Now, imagine you could split the “face value” of the bond ($1.00) from its “coupon”, or interest rate (4% + dice roll).

It turns out, you can, and there are people in the markets that are interested in buying just the variable interest component, without having to pay the $1.00 face value.

So now you have this bond with a $1.00 face value, a variable interest rate, and let’s imagine that hypothetically the dice-roll would be 1%. At the end of the year, at “maturity”, you would receive $1.05—i.e. the $1.00 face value, plus the $0.04 fixed component of interest, plus $0.01 for the dice-roll component of interest.

Now let’s imagine there’s a guy willing to pay $0.05 for the variable interest component only, because maybe the dice roll would be 6%, and he’ll get $0.10 at the end of the year, earning himself a 100% return on his investment!

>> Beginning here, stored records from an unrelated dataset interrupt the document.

lemma nearest_point_unique:
  assumes convex: "convex_vec n K" and "a \<in> K" "b \<in> K"
    and "\<And>z. z \<in> K \<Longrightarrow> sqdist n Y a \<le> sqdist n Y z"
    and "\<And>z. z \<in> K \<Longrightarrow> sqdist n Y b \<le> sqdist n Y z"
  shows "a = b"
proof -
  have "(\<Sum>i<n. (Y i - a i) * (b i - a i)) + (\<Sum>i<n. (Y i - b i) * (a i - b i)) = sqdist n a b"
    unfolding sqdist_def sum.distrib[symmetric] by (intro sum.cong) (auto simp: power2_eq_square algebra_simps)
  then have "sqdist n a b = 0"
    using nearest_point_obtuse_angle[OF convex, of a b Y] nearest_point_obtuse_angle[OF convex, of b a Y]
      sqdist_nonneg[of n a b] assms by fastforce
  moreover have "K \<subseteq> vecs n" using convex unfolding convex_vec_def by blast
  ultimately show ?thesis using vecs_eqI assms(2,3) by blast
qed

lemma lse_nearest:
  assumes "K \<noteq> {}" "closed_vec n K" "convex_vec n K" "bounded_vec n K"
  shows "lse n K Y \<in> K" and "\<And>z. z \<in> K \<Longrightarrow> sqdist n Y (lse n K Y) \<le> sqdist n Y z"
proof -
  obtain P where P: "P \<in> K" "\<And>z. z \<in> K \<Longrightarrow> edist n Y P \<le> edist n Y z"
    using exists_nearest_point assms(1,2,4) by blast
  then have "\<And>z. z \<in> K \<Longrightarrow> sqdist n Y P \<le> sqdist n Y z"
    by (metis power2_edist edist_nonneg power_mono)
  then have "\<exists>!\<nu>. \<nu> \<in> K \<and> (\<forall>\<nu>'\<in>K. (edist n Y \<nu>)\<^sup>2 \<le> (edist n Y \<nu>')\<^sup>2)"
    using P(1) nearest_point_unique[OF assms(3)] unfolding power2_edist by blast
  from theI'[OF this] show "lse n K Y \<in> K" "\<And>z. z \<in> K \<Longrightarrow> sqdist n Y (lse n K Y) \<le> sqdist n Y z"
    unfolding lse_def power2_edist by blast+
qed

lemma sqdist_lse_le:
  assumes "K \<noteq> {}" "closed_vec n K" "convex_vec n K" "bounded_vec n K" "\<mu> \<in> K"
  shows "sqdist n (lse n K Y) \<mu> \<le> sqdist n Y \<mu>"
proof -
  have "(\<Sum>i<n. (Y i - lse n K Y i) * (\<mu> i - lse n K Y i)) \<le> 0"
    using assms lse_nearest[OF assms(1-4)] by (intro nearest_point_obtuse_angle[of n K]) auto
  then show ?thesis
    using sqdist_law_of_cosines[of n Y \<mu> "lse n K Y"] sqdist_nonneg[of n Y "lse n K Y"] by linarith
qed

section \<open>Upper bounds on the risk\<close>

lemma prob_space_gauss: "\<sigma> > 0 \<Longrightarrow> prob_space (gauss n \<sigma>)"
  unfolding gauss_def by (intro prob_space_PiM prob_space_normal_density)

lemma nn_integral_gauss_coord_sq:
  assumes \<sigma>: "\<sigma> > 0" and i: "i < n"
  shows "(\<integral>\<^sup>+ \<xi>. ennreal ((\<xi> i)\<^sup>2) \<partial>gauss n \<sigma>) = ennreal (\<sigma>\<^sup>2)"
proof -
  let ?N = "density lborel (normal_density 0 \<sigma>)"
  have "distr (gauss n \<sigma>) ?N (\<lambda>\<xi>. \<xi> i) = ?N"
    unfolding gauss_def using i \<sigma> by (intro distr_PiM_component prob_space_normal_density) auto
  moreover have "(\<integral>\<^sup>+ \<xi>. ennreal ((\<xi> i)\<^sup>2) \<partial>gauss n \<sigma>)
      = (\<integral>\<^sup>+ x. ennreal (x\<^sup>2) \<partial>distr (gauss n \<sigma>) ?N (\<lambda>\<xi>. \<xi> i))"
    by (subst nn_integral_distr) (auto simp: gauss_def i)
  ultimately have "(\<integral>\<^sup>+ \<xi>. ennreal ((\<xi> i)\<^sup>2) \<partial>gauss n \<sigma>) = (\<integral>\<^sup>+ x. ennreal (x\<^sup>2) \<partial>?N)"
    by simp
  also have "\<dots> = (\<integral>\<^sup>+ x. ennreal (normal_density 0 \<sigma> x * x ^ (2 * 1)) \<partial>lborel)"
    by (subst nn_integral_density) (auto simp: ennreal_mult'[symmetric])
  also have "\<dots> = ennreal (\<sigma>\<^sup>2)"
  proof -
    have "has_bochner_integral lborel (\<lambda>x. normal_density 0 \<sigma> x * x ^ (2 * 1)) (\<sigma>\<^sup>2)"
      using normal_moment_even[OF \<sigma>, of 0 1] \<sigma> by (simp add: power2_eq_square)
    then show ?thesis
      by (subst nn_integral_eq_integral) (auto simp: has_bochner_integral_iff)
  qed
  finally show ?thesis .
qed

Better yet, let’s imagine there’s 10 guys wanting to buy that variable interest component, and they compete the price up to $0.07.

So you sell them the variable interest component for $0.07, meaning you’ve paid $0.93 for the face value of the bond, which in one year’s time, you can redeem for $1.00, meaning you are guaranteed an interest rate (yield or return) of 7.5% ($0.07/$0.93 = 7.5%)!

So the coupon buyers speculated on the variable interest rate, while you earned a guaranteed return of 7.5%.

That’s how Pendle works!

That’s exactly how Pendle works. Consider the Ethena stablecoin, USDe. If you stake USDe, it becomes the yield-earning token, sUSDe. And that yield is variable, as Ethena captures the interest rates paid on the perpetual futures contracts of ETH and BTC.

So Pendle splits sUSDe into the yield component (YT-sUSDe) and the face-value component (PT-sUSDe).

As more people speculate on the yield, the YT token, you can buy the face-value PT token for a lower price than $1.00. And since that YT token can be redeemed for one USDe at maturity, worth $1.00, you can earn a very high fixed interest rate!

And that’s a simplified explanation for how Pendle works!